Collier County Sheriff’s Office says both pilots died after a Challenger 604 business jet with a dual engine failure collided with a car during a landing attempt on Interstate 75 in Naples, Florida, Friday. Capt. Edward Daniel Murphy, 50, of Oakland Park, and FO Ian Frederick Hofmann, 65, of Pompano Beach, were killed when the big bizjet touched down on the southbound lanes of the freeway, veering onto the grass and dragging a car with it. The 23-year-old flight attendant Sydney Ann Bosman, of Jupiter, as well as passengers Aaron Baker, 35, and Audra Green, 23, both of Columbus, Ohio, were all injured but their conditions have not been released. Dash cam video of the mishap has been circulated on social media.
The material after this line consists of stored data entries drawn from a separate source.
lemma AE_RN_deriv_pos:
  assumes "prob_space P" "prob_space Q" "absolutely_continuous Q P" "sets P = sets Q"
  shows "AE x in P. 0 < enn2real (RN_deriv Q P x)"
proof -
  interpret P: prob_space P by fact
  interpret Q: prob_space Q by fact
  have "AE x in Q. 0 < RN_deriv Q P x \<longrightarrow> 0 < enn2real (RN_deriv Q P x)"
    using Q.RN_deriv_finite[OF P.sigma_finite_measure assms(3,4)]
    by eventually_elim (auto simp: enn2real_positive_iff less_top)
  then have "AE x in density Q (RN_deriv Q P). 0 < enn2real (RN_deriv Q P x)"
    by (subst AE_density) auto
  then show ?thesis unfolding Q.density_RN_deriv[OF assms(3,4)] .
qed

lemma
  assumes "prob_space P" "prob_space Q" "absolutely_continuous Q P" "sets P = sets Q"
    and u: "integrable Q u" "\<And>x. 0 \<le> u x"
  shows integrable_divide_RN_deriv: "integrable P (\<lambda>x. u x / enn2real (RN_deriv Q P x))"
    and integral_divide_RN_deriv_le: "(\<integral>x. u x / enn2real (RN_deriv Q P x) \<partial>P) \<le> (\<integral>x. u x \<partial>Q)"
proof -
  interpret P: prob_space P by fact
  interpret Q: prob_space Q by fact
  have [measurable]: "u \<in> borel_measurable Q" using u(1) by auto
  have "(\<lambda>x. u x / enn2real (RN_deriv Q P x)) \<in> borel_measurable Q" by measurable
  then have meas: "(\<lambda>x. u x / enn2real (RN_deriv Q P x)) \<in> borel_measurable P"
    using measurable_cong_sets[OF assms(4) refl] by blast
  have nonneg: "0 \<le> u x / enn2real (RN_deriv Q P x)" for x using u(2) by simp
  have "(\<integral>\<^sup>+x. ennreal (u x / enn2real (RN_deriv Q P x)) \<partial>P)
      = (\<integral>\<^sup>+x. RN_deriv Q P x * ennreal (u x / enn2real (RN_deriv Q P x)) \<partial>Q)"
    by (rule Q.RN_deriv_nn_integral[OF assms(3,4)]) measurable
  also have "\<dots> \<le> (\<integral>\<^sup>+x. ennreal (u x) \<partial>Q)"
  proof (rule nn_integral_mono_AE)
    show "AE x in Q. RN_deriv Q P x * ennreal (u x / enn2real (RN_deriv Q P x)) \<le> ennreal (u x)"
      using Q.RN_deriv_finite[OF P.sigma_finite_measure assms(3,4)]
    proof eventually_elim
      case (elim x)
      then obtain r where r: "RN_deriv Q P x = ennreal r" "0 \<le> r"
        by (cases "RN_deriv Q P x") auto
      show ?case
        using r u(2)[of x] by (cases "r = 0") (simp_all add: ennreal_mult[symmetric])
    qed
  qed
  also have "\<dots> = ennreal (\<integral>x. u x \<partial>Q)" using u by (intro nn_integral_eq_integral) auto
  finally have le: "(\<integral>\<^sup>+x. ennreal (u x / enn2real (RN_deriv Q P x)) \<partial>P) \<le> ennreal (\<integral>x. u x \<partial>Q)" .
  show "integrable P (\<lambda>x. u x / enn2real (RN_deriv Q P x))"
    using le by (intro integrableI_nonneg[OF meas]) (auto simp: nonneg less_top[symmetric] top_unique)
  show "(\<integral>x. u x / enn2real (RN_deriv Q P x) \<partial>P) \<le> (\<integral>x. u x \<partial>Q)"
    using le u(2) by (subst integral_eq_nn_integral[OF meas]) (auto simp: nonneg integral_nonneg enn2real_leI)
qed

lemma integral_le_KL_plus_ln_integral_exp:
  fixes g :: "'a \<Rightarrow> real"
  assumes P: "prob_space P" and Q: "prob_space Q" and sets: "sets P = sets Q"
    and gP: "integrable P g" and eQ: "integrable Q (\<lambda>x. exp (g x))"
  shows "ereal (\<integral>x. g x \<partial>P) \<le> KL P Q + ereal (ln (\<integral>x. exp (g x) \<partial>Q))"
proof (cases "absolutely_continuous Q P \<and> integrable P (\<lambda>x. ln (enn2real (RN_deriv Q P x)))")
  case False
  then show ?thesis by (auto simp: KL_def)
next
  case True
  then have ac: "absolutely_continuous Q P"
    and ln_r: "integrable P (\<lambda>x. ln (enn2real (RN_deriv Q P x)))" by auto
  interpret P: prob_space P by fact
  define r where "r x = enn2real (RN_deriv Q P x)" for x
  define E where "E = (\<integral>x. exp (g x) \<partial>Q)"
  \<comment> \<open>h is the density of the Gibbs measure e^g Q / E with respect to P.\<close>
  define h where "h x = exp (g x) / E / r x" for x
  have E: "0 < E" unfolding E_def by (rule integral_exp_pos[OF Q eQ])
  have u: "integrable Q (\<lambda>x. exp (g x) / E)" "\<And>x. 0 \<le> exp (g x) / E" using eQ E by auto
  have h_int: "integrable P h"
    unfolding h_def r_def by (rule integrable_divide_RN_deriv[OF P Q ac sets u])
  have "(\<integral>x. h x \<partial>P) \<le> (\<integral>x. exp (g x) / E \<partial>Q)"
    unfolding h_def r_def by (rule integral_divide_RN_deriv_le[OF P Q ac sets u])
  also have "(\<integral>x. exp (g x) / E \<partial>Q) = 1" using E by (simp add: E_def)
  finally have "(\<integral>x. h x \<partial>P) \<le> 1" .
  have r_pos: "AE x in P. 0 < r x" unfolding r_def by (rule AE_RN_deriv_pos[OF P Q ac sets])
  have "AE x in P. g x - ln (r x) - ln E \<le> h x - 1"
    using r_pos
  proof eventually_elim
    case (elim x)
    then have "ln (h x) = g x - ln (r x) - ln E" using E by (simp add: h_def ln_div ln_mult)
    moreover have "ln (h x) \<le> h x - 1" using elim E by (intro ln_le_minus_one) (simp add: h_def)
    ultimately show ?case by simp
  qed
  then have "(\<integral>x. g x - ln (r x) - ln E \<partial>P) \<le> (\<integral>x. h x - 1 \<partial>P)"
    using gP ln_r h_int by (intro integral_mono_AE) (auto simp: r_def)
  then have "(\<integral>x. g x \<partial>P) - (\<integral>x. ln (r x) \<partial>P) - ln E \<le> (\<integral>x. h x \<partial>P) - 1"
    using gP ln_r h_int by (simp add: r_def P.prob_space)
  then show ?thesis
    using True \<open>(\<integral>x. h x \<partial>P) \<le> 1\<close> by (simp add: KL_def r_def E_def)
qed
A transcript of the last ATC exchange suggests the aircraft suddenly lost power. Pilot: “Okay, Challenger, Hop-A-Jet 823, lost both engines, emergency. I’m making an emergency landing.” Controller: “I’ve got an emergency. Clear to land Runway 23.”  Pilot: “We’re clear to land but we’re not gonna make the runway. We’ve lost both engines.”  The plane appears to have landed intact but was mostly consumed by fire. Video above is from NBC News.

The flight originated at Ohio State University Airport in Columbus. Hop-A-Jet is a charter based in Fort Lauderdale and operates four Challengers, including the crash airplane, and a Learjet 60. The accident took place about 5 miles from the airport on the normal pattern for a landing on Runway 23. The plane took off about 12:30 and the accident occurred about 3:10 local time.

 

Russ Niles
Russ Niles is Editor-in-Chief of AVweb. He has been a pilot for 30 years and joined AVweb 22 years ago. He and his wife Marni live in southern British Columbia where they also operate a small winery.

40 COMMENTS

  1. Hop A Jet appears to be a solid organization: Wyvern and Argus rated. Losing both engines just seems to be in the range of statistical improbability.

  2. “Lost” why? Looked like lots of fuel left onboard. Hope there was survivable data on whatever devices were onboard.

    • “Fuel starvation” is a condition when fuel is in the tanks, but not getting to the engines. “Fuel exhaustion” is a condition when the aircraft is without fuel. Based on the fire, fuel starvation is a possibility. This seems unusual and unlikely, so the NTSB report should be interesting.

      • Too much fire, plus an eye witness reported see fuel coming from the wings as the jet was burning after hitting the concrete barriers.

        • Yup. Looking at the videos, way too much fire to be from the truck. The dashcam video is really sad to watch. They were THIS close to getting the plane lined-up with the highway, but the right wingtip caught on the sound barrier. So sad.

  3. Loss of both engines? My first thought would be fuel exhaustion, but the large fire suggests otherwise. Maybe contaminated fuel? But they flew from Ohio to Florida. Could be ice in the fuel, like the 777 at Heathrow a few years back.

    • Looking at the track log, they seem to have been on a normal downwind at 1800 feet. They were level at that altitude and constant speed before turning base. Fuel contamination probably would have caused a problem shortly after departure. And ice in the fuel probably would have affected them in cruise.
      So I suspect that they flew through a flock of birds.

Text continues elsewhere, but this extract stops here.